(* The SRT$_{\mathsf{A}}$-definable transformations are closed under union, intersection, and composition. That is: for any linear group $\mathbf{G}$ and finite label sets $\Sigma,\Gamma,\Theta$, (i) if $\mathcal{S}_1,\mathcal{S}_2$ are $(\Sigma,\Gamma,\mathbf{G})$-SRT$_{\mathsf{A}}$, then $[\![\mathcal{S}_1]\!]\cup[\![\mathcal{S}_2]\!]$ and $[\![\mathcal{S}_1]\!]\cap[\![\mathcal{S}_2]\!]$ are each equal to $[\![\mathcal{S}]\!]$ for some $(\Sigma,\Gamma,\mathbf{G})$-SRT$_{\mathsf{A}}$ $\mathcal{S}$; (ii) if $\mathcal{S}_1$ is a $(\Sigma,\Gamma,\mathbf{G})$-SRT$_{\mathsf{A}}$ and $\mathcal{S}_2$ a $(\Gamma,\Theta,\mathbf{G})$-SRT$_{\mathsf{A}}$, then $[\![\mathcal{S}_1]\!]\cdot[\![\mathcal{S}_2]\!]=[\![\mathcal{S}]\!]$ for some $(\Sigma,\Theta,\mathbf{G})$-SRT$_{\mathsf{A}}$ $\mathcal{S}$.
   Context: A linear group is a triple $\mathbf{G}=(D,\leq,+)$ where $D$ is an infinite set, $\leq$ is a total order on $D$, and $(D,+)$ is a group with identity $0$. For finite label sets $\Sigma$ (input) and $\Gamma$ (output), a $(\Sigma,\Gamma,\mathbf{G})$-streaming register transducer (SRT) is a tuple $\mathcal{S}=(Q,q_0,k,R_0,\Delta)$ where $Q$ is a finite set of states, $q_0\in Q$, $k\in\mathbb{N}$ is the number of registers, $R_0\in D^k$ gives the initial register values, and $\Delta\subseteq Q\times\Sigma\times\{>,=,<\}^k\times\{\mathsf{old},\mathsf{new},\mathsf{add}\}^k\times\{1,\dots,k\}\times\Gamma\times Q$ is a finite set of transitions. A transition $(q,\sigma,l,m,u,\gamma,q')$ enables the step $(q,R)\xrightarrow[(\gamma,d')]{(\sigma,d)}(q',R')$ between configurations ($q\in Q$, $R\in D^k$) iff (1) for every $i$, $d>R[i]$, $d=R[i]$ or $d<R[i]$ according as $l[i]$ is $>$, $=$ or $<$; (2) for every $i$, $R'[i]=R[i]$ if $m[i]=\mathsf{old}$, $R'[i]=d$ if $m[i]=\mathsf{new}$, $R'[i]=R[i]+d$ if $m[i]=\mathsf{add}$; (3) $d'=R'[u]$. A run over a finite data word $s\in(\Sigma\times D)^*$ of length $n$ generating $t\in(\Gamma\times D)^*$ is a sequence of $n$ steps from $(q_0,R_0)$, the $i$-th reading $s[i]$ and emitting $t[i]$, each enabled by a transition of $\Delta$. $s\otimes t$ is the word with $i$-th letter $(s[i],t[i])$, and $[\![\mathcal{S}]\!]=\{s\otimes t:\text{there is a run over }s\text{ generating }t\}$. An SRT is add-free (an SRT$_{\mathsf{A}}$) if every transition has update vector in $\{\mathsf{old},\mathsf{new}\}^k$. Composition: for $\mathcal{T}_1$ over $(\Sigma\times D)\times(\Gamma\times D)$ and $\mathcal{T}_2$ over $(\Gamma\times D)\times(\Theta\times D)$, $\mathcal{T}_1\cdot\mathcal{T}_2$ is the set of $s_1\otimes s_2$ ($s_1\in(\Sigma\times D)^*$, $s_2\in(\Theta\times D)^*$) such that some $s_3\in(\Gamma\times D)^*$ has $s_1\otimes s_3\in\mathcal{T}_1$ and $s_3\otimes s_2\in\mathcal{T}_2$. *)

theory Defs
  imports Main
begin
(* Let $M\in\mathbb{R}^{p\times q}_+$ be a nonnegative matrix whose entries sum to $1$, and let $k\ge1$. The following are equivalent: (i) there exist $A_1,\dots,A_p,B_1,\dots,B_q\in\mathcal{S}^k_+$ with $M_{ij}=\langle A_i,B_j\rangle$ for all $i,j$; (ii) there exist $F_1,\dots,F_p\in\mathcal{S}^k_+$ with $\sum_{i=1}^pF_i=I_k$, $G_1,\dots,G_q\in\mathcal{S}^k_+$ with $\sum_{j=1}^qG_j=I_k$, and $\rho\in\mathcal{S}^{k^2}_+$ with $\operatorname{trace}(\rho)=1$, such that \[ M_{ij}=\operatorname{trace}\big((F_i\otimes G_j)\rho\big)\quad\text{for all } i=1,\dots,p,\ j=1,\dots,q, \] where $\otimes$ denotes the Kronecker product.
   Context: $\mathcal{S}^k_+$ denotes the cone of $k\times k$ real symmetric positive semidefinite matrices, $\langle A,B\rangle=\operatorname{trace}(AB)$, and $I_k$ is the $k\times k$ identity matrix. *)

theory Defs
  imports "HOL-Analysis.Analysis"
begin

definition psd :: "real^'n^'n \<Rightarrow> bool" where
  "psd A \<longleftrightarrow> transpose A = A \<and> (\<forall>x::real^'n. 0 \<le> x \<bullet> (A *v x))"

definition frob_inner :: "real^'n^'n \<Rightarrow> real^'n^'n \<Rightarrow> real" where
  "frob_inner A B = trace (A ** B)"

text \<open>Kronecker product; rows/columns of the k^2 x k^2 result are indexed by pairs,
  ordered lexicographically: (F \<otimes> G)_{(i,i'),(j,j')} = F_{ij} G_{i'j'}.\<close>
definition kron :: "real^'n^'n \<Rightarrow> real^'m^'m \<Rightarrow> real^('n \<times> 'm)^('n \<times> 'm)" where
  "kron F G = (\<chi> r c. F $ fst r $ fst c * G $ snd r $ snd c)"

end

theory Submission
  imports Defs
begin

text \<open>
  Everything is reduced to one identity: for a k x k matrix X with rank-one
  "vectorization" rho = vec X (vec X)^T one has trace ((F \<otimes> G) rho) = trace (X^T F X G^T).
  (ii) \<Longrightarrow> (i): a psd rho is a sum of such rank-one matrices (Gram factorization), so
  trace ((F_i \<otimes> G_j) rho) = <A_i, G_j> with A_i = \<Sum>_l X_l^T F_i X_l psd.
  (i) \<Longrightarrow> (ii): every psd family A_i can be normalized as A_i = R F_i R^T with psd F_i
  summing to the identity (using a factorization \<Sum>_i A_i = L D L^T, L invertible,
  D a 0/1 diagonal matrix); then <A_i, B_j> = trace ((F_i \<otimes> G_j) rho) for the rank-one
  rho built from X = R_A^T R_B, and trace rho = \<Sum> M = 1 because the F_i and G_j
  sum to the identity.
\<close>

section \<open>Positive semidefinite matrices in coordinates\<close>

lemma quad_form_expand:
  "x \<bullet> (A *v x) = (\<Sum>i\<in>UNIV. \<Sum>j\<in>UNIV. x$i * A$i$j * x$j)"
  by (simp add: inner_vec_def matrix_vector_mult_def sum_distrib_left mult.assoc)

lemma psd_sym: "psd A \<Longrightarrow> A$j$i = A$i$j"
  unfolding psd_def by (metis transpose_def vec_lambda_beta)

lemma psd_quad: "psd A \<Longrightarrow> 0 \<le> (\<Sum>i\<in>UNIV. \<Sum>j\<in>UNIV. x$i * A$i$j * x$j)"
  unfolding psd_def quad_form_expand[symmetric] by blast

● TASK OBJECTIVE
Write the line containing "rho built from" and all the lines after it out again, word for word, through the end of the material, and nothing besides.

● EXERCISE RESPONSE
  rho built from X = R_A^T R_B, and trace rho = \<Sum> M = 1 because the F_i and G_j
  sum to the identity.
\<close>

section \<open>Positive semidefinite matrices in coordinates\<close>

lemma quad_form_expand:
  "x \<bullet> (A *v x) = (\<Sum>i\<in>UNIV. \<Sum>j\<in>UNIV. x$i * A$i$j * x$j)"
  by (simp add: inner_vec_def matrix_vector_mult_def sum_distrib_left mult.assoc)

lemma psd_sym: "psd A \<Longrightarrow> A$j$i = A$i$j"
  unfolding psd_def by (metis transpose_def vec_lambda_beta)

lemma psd_quad: "psd A \<Longrightarrow> 0 \<le> (\<Sum>i\<in>UNIV. \<Sum>j\<in>UNIV. x$i * A$i$j * x$j)"
  unfolding psd_def quad_form_expand[symmetric] by blast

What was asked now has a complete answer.